Education vs. Manipulation: Key Differences Explained
Differences Between Educational and Manipulative Processes
Education is the set of actions and the influence exerted voluntarily by one being on another. An individual might learn to behave and actively work through negative reinforcement. However, such experience cannot be considered educational, even though there is learning. There are two criteria that lead to this disqualification. Studying practical cases of conditioning reveals that while these processes are used to learn, we are reluctant to classify conditioning processes as educational because of their incompatibility with two criteria:
- The way we have learned these provisions does not respect the dignity and freedom of the learner.
- There are serious doubts that the person is intellectually capable of organizing the reasons which lead them to act cooperatively.
Education is not accepted as learning a standard response induced by repeated stimuli that do not exercise the rational capacities of the subject or undermine their freedom or dignity. To define the terms related to others in its theoretical language fulfills three functions:
- Narrower what kind of phenomena we mean by a term.

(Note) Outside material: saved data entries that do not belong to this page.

(* Let $\mathbb{H}_1,\mathbb{H}_2$ be complex Hilbert spaces. Let $T\in \mathbb{L}(\mathbb{H}_1,\mathbb{H}_2)$ with $\|T\|=1$ be such that $\operatorname{dist}(T,\mathbb{K}(\mathbb{H}_1,\mathbb{H}_2))<1$. Then for $A\in \mathbb{L}(\mathbb{H}_1,\mathbb{H}_2)$, $T\perp_B A$ if and only if there exists $x\in M_T$ such that $\langle Ax,Tx\rangle=0$.
   Context: $\mathbb{L}(\mathbb{H}_1,\mathbb{H}_2)$ ($\mathbb{K}(\mathbb{H}_1,\mathbb{H}_2)$) is the space of bounded (compact) linear operators with the operator norm. $M_T=\{x\in\mathbb{H}_1:\|x\|=1,\ \|Tx\|=\|T\|\}$. Birkhoff–James orthogonality: $T\perp_B A$ means $\|T+\lambda A\|\geq \|T\|$ for every complex scalar $\lambda$. *)

theory Defs
  imports "HOL-Analysis.Analysis"
begin

text \<open>Complex inner product spaces (the library only has real ones).\<close>
class complex_inner = real_normed_vector +
  fixes scaleC :: "complex \<Rightarrow> 'a \<Rightarrow> 'a"
    and cinner :: "'a \<Rightarrow> 'a \<Rightarrow> complex"
  assumes scaleC_add_right: "scaleC a (x + y) = scaleC a x + scaleC a y"
    and scaleC_add_left: "scaleC (a + b) x = scaleC a x + scaleC b x"
    and scaleC_scaleC: "scaleC a (scaleC b x) = scaleC (a * b) x"
    and scaleC_one: "scaleC 1 x = x"
    and scaleC_of_real: "scaleC (complex_of_real r) x = scaleR r x"
    and cinner_commute: "cinner x y = cnj (cinner y x)"
    and cinner_add_left: "cinner (x + y) z = cinner x z + cinner y z"
    and cinner_scaleC_left: "cinner (scaleC a x) y = a * cinner x y"
    and cinner_self_norm: "cinner x x = complex_of_real ((norm x)\<^sup>2)"

class chilbert = complex_inner + complete_space

definition cbounded_linear :: "('a::complex_inner \<Rightarrow> 'b::complex_inner) \<Rightarrow> bool" where
  "cbounded_linear T \<longleftrightarrow>
     (\<forall>x y. T (x + y) = T x + T y) \<and>
     (\<forall>c x. T (scaleC c x) = scaleC c (T x)) \<and>
     (\<exists>K. \<forall>x. norm (T x) \<le> norm x * K)"

definition compact_operator :: "('a::complex_inner \<Rightarrow> 'b::complex_inner) \<Rightarrow> bool" where
  "compact_operator T \<longleftrightarrow> cbounded_linear T \<and> compact (closure (T ` cball 0 1))"

definition dist_compacts :: "('a::complex_inner \<Rightarrow> 'b::complex_inner) \<Rightarrow> real" where
  "dist_compacts T = Inf ((\<lambda>K. onorm (\<lambda>x. T x - K x)) ` {K. compact_operator K})"

definition norm_attain_set :: "('a::complex_inner \<Rightarrow> 'b::complex_inner) \<Rightarrow> 'a set" where
  "norm_attain_set T = {x. norm x = 1 \<and> norm (T x) = onorm T}"

definition BJ_orth :: "('a::complex_inner \<Rightarrow> 'b::complex_inner) \<Rightarrow> ('a \<Rightarrow> 'b) \<Rightarrow> bool" where
  "BJ_orth T A \<longleftrightarrow> (\<forall>l::complex. onorm (\<lambda>x. T x + scaleC l (A x)) \<ge> onorm T)"

end

theory Submission
  imports Defs
begin

text \<open>
  Let \<open>W = {\<langle>A x, T x\<rangle> | x \<in> M\<^sub>T}\<close>. As \<open>\<parallel>T\<parallel> = 1\<close>, the vectors on which \<open>T\<close> is isometric form a
  subspace on which \<open>T\<close> preserves inner products; \<open>M\<^sub>T\<close> is its unit sphere, so \<open>W\<close> is convex
  by the Toeplitz--Hausdorff argument. A compact \<open>K\<close> with \<open>\<parallel>T - K\<parallel> < 1\<close> forces every norming
  sequence of unit vectors to have a subsequence converging into \<open>M\<^sub>T\<close>, so \<open>M\<^sub>T\<close> is compact and
  \<open>W\<close> is closed. If \<open>T \<perp>\<^sub>B A\<close>, then \<open>\<parallel>T + t \<omega> A\<parallel> \<ge> 1\<close> for small \<open>t > 0\<close> yields almost norming
  unit vectors \<open>x\<close> with \<open>Re (\<omega> \<langle>A x, T x\<rangle>)\<close> almost nonnegative, and compactness moves such
  an \<open>x\<close> into \<open>M\<^sub>T\<close>. Thus \<open>W\<close> meets every closed half-plane bounded by a line through \<open>0\<close>, and
  a separating hyperplane argument gives \<open>0 \<in> W\<close>. Conversely, \<open>\<langle>A x, T x\<rangle> = 0\<close> for some
  \<open>x \<in> M\<^sub>T\<close> gives \<open>\<parallel>T x + \<lambda> A x\<parallel>\<^sup>2 = 1 + \<bar>\<lambda>\<bar>\<^sup>2 \<parallel>A x\<parallel>\<^sup>2 \<ge> 1\<close>.
\<close>

section \<open>Complex inner products and bounded complex-linear operators\<close>

lemma cinner_zero_left [simp]: "cinner 0 y = 0"
  using cinner_add_left [of 0 0 y] by simp

lemma cinner_minus_left [simp]: "cinner (- x) y = - cinner x y"
  using cinner_add_left [of x "- x" y] by (simp add: add_eq_0_iff)

lemma cinner_add_right: "cinner x (y + z) = cinner x y + cinner x z"
  by (subst (1 2 3) cinner_commute) (simp add: cinner_add_left)

lemma cinner_zero_right [simp]: "cinner x 0 = 0"
  by (subst cinner_commute) simp

lemma cinner_minus_right [simp]: "cinner x (- y) = - cinner x y"
  by (subst (1 2) cinner_commute) simp

lemma cinner_scaleC_right: "cinner x (scaleC a y) = cnj a * cinner x y"
  by (subst (1 2) cinner_commute) (simp add: cinner_scaleC_left)

lemma cinner_scaleR_left: "cinner (r *\<^sub>R x) y = complex_of_real r * cinner x y"
  by (simp add: scaleC_of_real [symmetric] cinner_scaleC_left)

lemma cinner_scaleR_right: "cinner x (r *\<^sub>R y) = complex_of_real r * cinner x y"
  by (simp add: scaleC_of_real [symmetric] cinner_scaleC_right)

lemma scaleC_zero_right [simp]: "scaleC a 0 = 0"
  using scaleC_add_right [of a 0 0] by simp

lemma scaleC_scaleR_commute: "scaleC a (r *\<^sub>R x) = r *\<^sub>R scaleC a x"
  by (simp add: scaleC_of_real [symmetric] scaleC_scaleC mult.commute)

lemma power2_norm_add:
  "(norm (x + y))\<^sup>2 = (norm x)\<^sup>2 + (norm y)\<^sup>2 + 2 * Re (cinner x y)"
proof -
  have "Re (cinner (x + y) (x + y)) =
      Re (cinner x x) + Re (cinner y y) + Re (cinner x y) + Re (cinner y x)"
    by (simp add: cinner_add_left cinner_add_right)
  moreover have "Re (cinner y x) = Re (cinner x y)"
    by (subst cinner_commute) simp
  ultimately show ?thesis
    by (simp add: cinner_self_norm)
qed

lemma power2_norm_diff:
  "(norm (x - y))\<^sup>2 = (norm x)\<^sup>2 + (norm y)\<^sup>2 - 2 * Re (cinner x y)"
  using power2_norm_add [of x "- y"] by simp

lemma norm_scaleC: "norm (scaleC a x) = cmod a * norm x"
proof -
  have "complex_of_real ((norm (scaleC a x))\<^sup>2) = a * cnj a * complex_of_real ((norm x)\<^sup>2)"
    unfolding cinner_self_norm [symmetric] by (simp add: cinner_scaleC_left cinner_scaleC_right)
  also have "a * cnj a = complex_of_real ((cmod a)\<^sup>2)"
    by (simp only: complex_norm_square)
  finally have "(norm (scaleC a x))\<^sup>2 = (cmod a * norm x)\<^sup>2"
    by (metis of_real_eq_iff of_real_mult power_mult_distrib)
  then show ?thesis
    by (simp add: power2_eq_iff_nonneg)
qed

lemma cinner_Cauchy_Schwarz: "cmod (cinner x y) \<le> norm x * norm y"
proof (cases "y = 0")
  case True
  then show ?thesis by simp
next
  case False
  then have ny: "norm y > 0" by simp
  define c where "c = cinner x y / complex_of_real ((norm y)\<^sup>2)"
  have "0 \<le> (norm (x - scaleC c y))\<^sup>2" by simp
  also have "\<dots> = (norm x)\<^sup>2 + (cmod c)\<^sup>2 * (norm y)\<^sup>2 - 2 * Re (cnj c * cinner x y)"
    by (simp add: power2_norm_diff norm_scaleC cinner_scaleC_right power_mult_distrib)
  also have "cnj c * cinner x y = complex_of_real ((cmod (cinner x y))\<^sup>2 / (norm y)\<^sup>2)"
    unfolding c_def using ny by (simp add: complex_norm_square mult.commute del: of_real_power)
  also have "(cmod c)\<^sup>2 * (norm y)\<^sup>2 = (cmod (cinner x y))\<^sup>2 / (norm y)\<^sup>2"
    unfolding c_def using ny by (simp add: norm_divide power_divide norm_mult power2_eq_square)
  finally have "(cmod (cinner x y))\<^sup>2 \<le> (norm x * norm y)\<^sup>2"
    using ny by (simp add: divide_le_eq power_mult_distrib)
  then show ?thesis
    by (meson norm_ge_zero power2_le_imp_le mult_nonneg_nonneg)
qed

- Set when we use a different term.
- Clarifying the criteria that allow us to distinguish between types with each other, to assert that we must apply either term as appropriate.
It would be ridiculous to say that a person is educated without learning anything. However, not all learning can be described as educational.

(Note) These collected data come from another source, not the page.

(* Let $c = 1.40759\ldots$ denote the largest real root of $x^6 - 2x^2 - 2x - 1 = 0$ (note $c < \sqrt{2}$). For all integers $n \ge 1$ and $t$ with $0 \le t \le n/2$, every triangle-free graph $G$ on $n$ vertices that contains no induced matching of size $t+1$ satisfies \[ \mathrm{mis}(G) \le 2^t c^{\,n-2t}. \] That is, $\mathrm{mis}_{\triangle,t}(n) \le 2^t c^{n-2t}$.
   Context: All graphs are finite and simple. For a graph $G$, $\mathrm{mis}(G)$ denotes the number of maximal independent sets of $G$. An induced matching in $G$ is a set of pairwise vertex-disjoint edges of $G$ such that the subgraph induced by their endpoints consists of exactly these edges; its size is the number of edges. $\mathrm{mis}_{\triangle,t}(n)$ denotes the maximum of $\mathrm{mis}(G)$ over all $n$-vertex triangle-free graphs $G$ containing no induced matching of size $t+1$. *)

theory Defs
  imports Complex_Main
begin

definition simple_graph :: "'a set \<Rightarrow> ('a \<Rightarrow> 'a \<Rightarrow> bool) \<Rightarrow> bool" where
  "simple_graph V E \<longleftrightarrow> finite V \<and> (\<forall>u v. E u v \<longrightarrow> u \<in> V \<and> v \<in> V)
     \<and> (\<forall>u v. E u v \<longrightarrow> E v u) \<and> (\<forall>u. \<not> E u u)"

definition triangle_free :: "'a set \<Rightarrow> ('a \<Rightarrow> 'a \<Rightarrow> bool) \<Rightarrow> bool" where
  "triangle_free V E \<longleftrightarrow> \<not> (\<exists>u\<in>V. \<exists>v\<in>V. \<exists>w\<in>V. E u v \<and> E v w \<and> E u w)"

definition independent_set :: "'a set \<Rightarrow> ('a \<Rightarrow> 'a \<Rightarrow> bool) \<Rightarrow> 'a set \<Rightarrow> bool" where
  "independent_set V E S \<longleftrightarrow> S \<subseteq> V \<and> (\<forall>u\<in>S. \<forall>v\<in>S. \<not> E u v)"

definition maximal_independent_set :: "'a set \<Rightarrow> ('a \<Rightarrow> 'a \<Rightarrow> bool) \<Rightarrow> 'a set \<Rightarrow> bool" where
  "maximal_independent_set V E S \<longleftrightarrow> independent_set V E S
     \<and> (\<forall>T. independent_set V E T \<and> S \<subseteq> T \<longrightarrow> T = S)"

definition mis :: "'a set \<Rightarrow> ('a \<Rightarrow> 'a \<Rightarrow> bool) \<Rightarrow> nat" where
  "mis V E = card {S. maximal_independent_set V E S}"

definition graph_edges :: "'a set \<Rightarrow> ('a \<Rightarrow> 'a \<Rightarrow> bool) \<Rightarrow> 'a set set" where
  "graph_edges V E = {{u, v} | u v. u \<in> V \<and> v \<in> V \<and> E u v}"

The Concept of Indoctrination
The concept of indoctrination has two basic criteria:
- The intention of the agent to introduce unshakable ideological convictions.
- The partiality of the content learned.
The concepts of indoctrination and conditioning have something in common. In both processes, the acquisition of new responses or behavior modification is driven and governed by an external agent without the learner truly mastering what they are trying to achieve in the learning process. This is the defining feature of the concept of manipulation. The criterion that separates handling processes from influence attempts is the learner’s awareness of what exactly is being done and what the real goal is to be achieved.
Instruction, Training, and Coaching
The first result of teaching and learning is to give instruction, where learning can be made without rational justification. When the teacher ignores the rationale, it means that in these cases, we speak of instruction, not indoctrination. These lessons can be the basis for further developing conceptual schemes themselves, learning that provides a rational justification.
There are also instructional processes, which are learning processes that do not require the development of conceptual schemes, although they can be the basis for further developments. These are training and coaching.
Training is learning to master a specific task, and specific, limited practice is essential to your domain. The development of conceptual schemes to explain the reasons behind procedures that are taught is postponed to the background. Training is used synonymously with Castilian training. Learning is an improvement as a result of personal effort.
Education vs. Training
Education refers to character and action, whereas training covers the understanding of oneself and the world. The three components of the latter concept are:
- The capacity for reflection.
- The ability of critical appraisal.
- The sensitivity to aesthetic values.
Finally, a criterion was set to separate the concepts of training and education. This is the criterion of content characteristic of the processes which we call education. With this component referring to utopian perfection, the discussion and determination inevitably introduces the use of discretion.